Hello there, and welcome to our visualisation workshop!

This tutorial is entirely dedicated to offer useful tools to get started with visualisations in Python, with examples on neuro-imaging data. 

The data that we will explore today is part of an [open source repository](https://openneuro.org/datasets/ds003542) on adult language learners. We express our sincere gratitude to Kshipra Gurunandan, Manuel Carreiras and Pedro M. Paz-Alonso for making this data open source. Below, we will first print the README file that contains the explanation about the objective of this study.

In [1]:
# Set matplotlib inline to view images below the cell in this notebook
%matplotlib inline 

# To prettify python code (it is already pretty of course ;) ) --> https://pypi.org/project/nb-black/
%load_ext nb_black 

<IPython.core.display.Javascript object>

In [52]:
import os
from bids import BIDSLayout  # BIDS: For neat neuro-imaging data organisation --> https://bids.neuroimaging.io/

data_folder = "../inputs/ds003542"
layout = BIDSLayout(data_folder)

# Description of the project
with open(os.path.join(data_folder, "README")) as txt_file:
    README_sections = txt_file.read().split(f'{"-"*34}')
    project_description = README_sections[0]
    references = README_sections[1]
    contact = README_sections[3]

<IPython.core.display.Javascript object>

In [53]:
print(project_description)

<IPython.core.display.Javascript object>

***

## Wait, what ...? A Jupyter notebook?

Never worked with jupyter notebooks before? Don't worry! We'll guide you through it step by step.

A **jupyter notebook** 
- is a convenient way to combine code with neat documentation, allowing others to easily follow a project that uses code
- works with so-called "blocks", which can either be a "code block" or a "markdown block"
    - *Markdown block*: You are reading one right now! It is a block that understands the markdown language, an easy language to create text, similar to HTML and LaTeX.
    - *Code block*: A code block in a jupyter notebook understands the Python language by default. If applicable, output is printed below the code block, such as images and text. You can also change the kernel of code blocks; in this way you can use other programming languages in the code blocks! Read more about this [here](https://jupyter4edu.github.io/jupyter-edu-book/jupyter.html).
- Allows to "hide" blocks, which will be visible with 3 dots (...).
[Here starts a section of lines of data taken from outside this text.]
definition general_position :: "pt set \<Rightarrow> bool" where
  "general_position T \<longleftrightarrow>
     (\<forall>p\<in>T. \<forall>q\<in>T. p \<noteq> q \<longrightarrow> fst p \<noteq> fst q \<and> snd p \<noteq> snd q)"

text \<open>Vertices of the grid Gamma(T): intersections of the vertical lines through
  terminals with the horizontal lines through terminals (these automatically lie
  in the bounding box of T).\<close>
definition grid_vertices :: "pt set \<Rightarrow> pt set" where
  "grid_vertices T = {(x, y). x \<in> fst ` T \<and> y \<in> snd ` T}"

definition grid_edge :: "pt set \<Rightarrow> pt \<Rightarrow> pt \<Rightarrow> bool" where
  "grid_edge T u v \<longleftrightarrow>
     u \<in> grid_vertices T \<and> v \<in> grid_vertices T \<and> u \<noteq> v \<and>
     ((fst u = fst v \<and> \<not> (\<exists>y\<in>snd ` T. min (snd u) (snd v) < y \<and> y < max (snd u) (snd v))) \<or>
      (snd u = snd v \<and> \<not> (\<exists>x\<in>fst ` T. min (fst u) (fst v) < x \<and> x < max (fst u) (fst v))))"

definition oriented_subnetwork :: "pt set \<Rightarrow> (pt \<times> pt) set \<Rightarrow> bool" where
  "oriented_subnetwork T N \<longleftrightarrow>
     (\<forall>(u, v)\<in>N. grid_edge T u v) \<and> (\<forall>u v. (u, v) \<in> N \<longrightarrow> (v, u) \<notin> N)"

definition dist1 :: "pt \<Rightarrow> pt \<Rightarrow> real" where
  "dist1 p q = \<bar>fst p - fst q\<bar> + \<bar>snd p - snd q\<bar>"

text \<open>Length of a polygonal path given by its vertex list (grid edges are
  axis-parallel, so Euclidean length equals dist1).\<close>
definition path_length :: "pt list \<Rightarrow> real" where
  "path_length vs = sum_list (map (\<lambda>(u, v). dist1 u v) (zip vs (tl vs)))"

definition directed_path :: "(pt \<times> pt) set \<Rightarrow> pt list \<Rightarrow> pt \<Rightarrow> pt \<Rightarrow> bool" where
  "directed_path N vs p q \<longleftrightarrow>
     vs \<noteq> [] \<and> hd vs = p \<and> last vs = q \<and>
     (\<forall>i. Suc i < length vs \<longrightarrow> (vs ! i, vs ! Suc i) \<in> N)"

definition manhattan_path :: "(pt \<times> pt) set \<Rightarrow> pt \<Rightarrow> pt \<Rightarrow> bool" where
  "manhattan_path N p q \<longleftrightarrow>
     (\<exists>vs. directed_path N vs p q \<and> path_length vs = dist1 p q)"

end

theory Submission
  imports Defs "HOL-Library.Product_Order"
begin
Solutions are hidden this way, but first try to find the solution yourself in the empty block above!
- has some nice shortcuts:

|Operation|Shortcut|
|---|---|
|Run a cell|shift-enter|
|Add cell above | "a" (first click left of the cell)|
|Add cell below | "b" (first click left of the cell)|
|Copy cell: | "c" (first click left of the cell)|
|Cut cell: | "x" (first click left of the cell)|
|Paste cell | "v" (first click left of the cell)|
|Delete cell | "dd" (first click left of the cell)|

Last note: If you want to install additional python packages, you can call upon the terminal with an exclamation mark (!) before a command. So, installing a new package will be the following structure inside a code cell: `!pip install my-package`

***

## Let's get started!
### Table of contents
0. Preparations
1. Visualising neuro-imaging data
    - What is a nifti (.nii)?
    - Anatomical MRI - T1w
    - Functional MRI (fMRI)
2. ...
3. ...

***

# 0. Preparations

Import some general packages

In [11]:
# Data handling
import pandas as pd
import numpy as np

# Data description
import json

# Neuro-imaging packages
import nibabel as nib
import nilearn as nil

# Self-made functions
from python.functions import show_slice, track_voxel, simulate_volume

<IPython.core.display.Javascript object>

***

# 1. Visualising neuro-imaging data

The data was downloaded from OpenNeuro, [project ds003542](https://openneuro.org/datasets/ds003542/versions/1.0.0), which originates from a study on language learners. We only extracted data from subject 1. Hence, the data is present in the "ds00352-download" folder, subdirectory "sub-01":
- Anatomical MRI: "anat" subfolder
- Functional MRI: "func" subfolder

Let's define the paths:

In [5]:
# We use the BIDS data organisation to get our desired data from our data folder. 
# Index [0] at the end: to get the string from the 1-element vector.
t1w_path = layout.get(
    subject="01", suffix="T1w", extension=".nii.gz", return_type="filename"
)[0]
bold_path = layout.get(
    subject="01",
    task="compL1",
    run="1",
    suffix="bold",
    extension=".nii.gz",
    return_type="filename",
)[0]

<IPython.core.display.Javascript object>

## 1.1 What is a nifti (.nii)?

For a thorough explanation on the origin and objective of nifti, we refer to [this webpage](https://nifti.nimh.nih.gov/). In short however, the nifti file format has been proposed to 

## 1.2 Anatomical MRI - T1w

Click [here](https://nipy.org/nibabel/coordinate_systems.html) for the source article in nibabel.\
Note that this anatomical T1w nifti is a 3D image, with each dimension being a spatial dimension (x, y and z), corresponding to a body axis (medio-lateral, antero-posterior and cranio-caudal).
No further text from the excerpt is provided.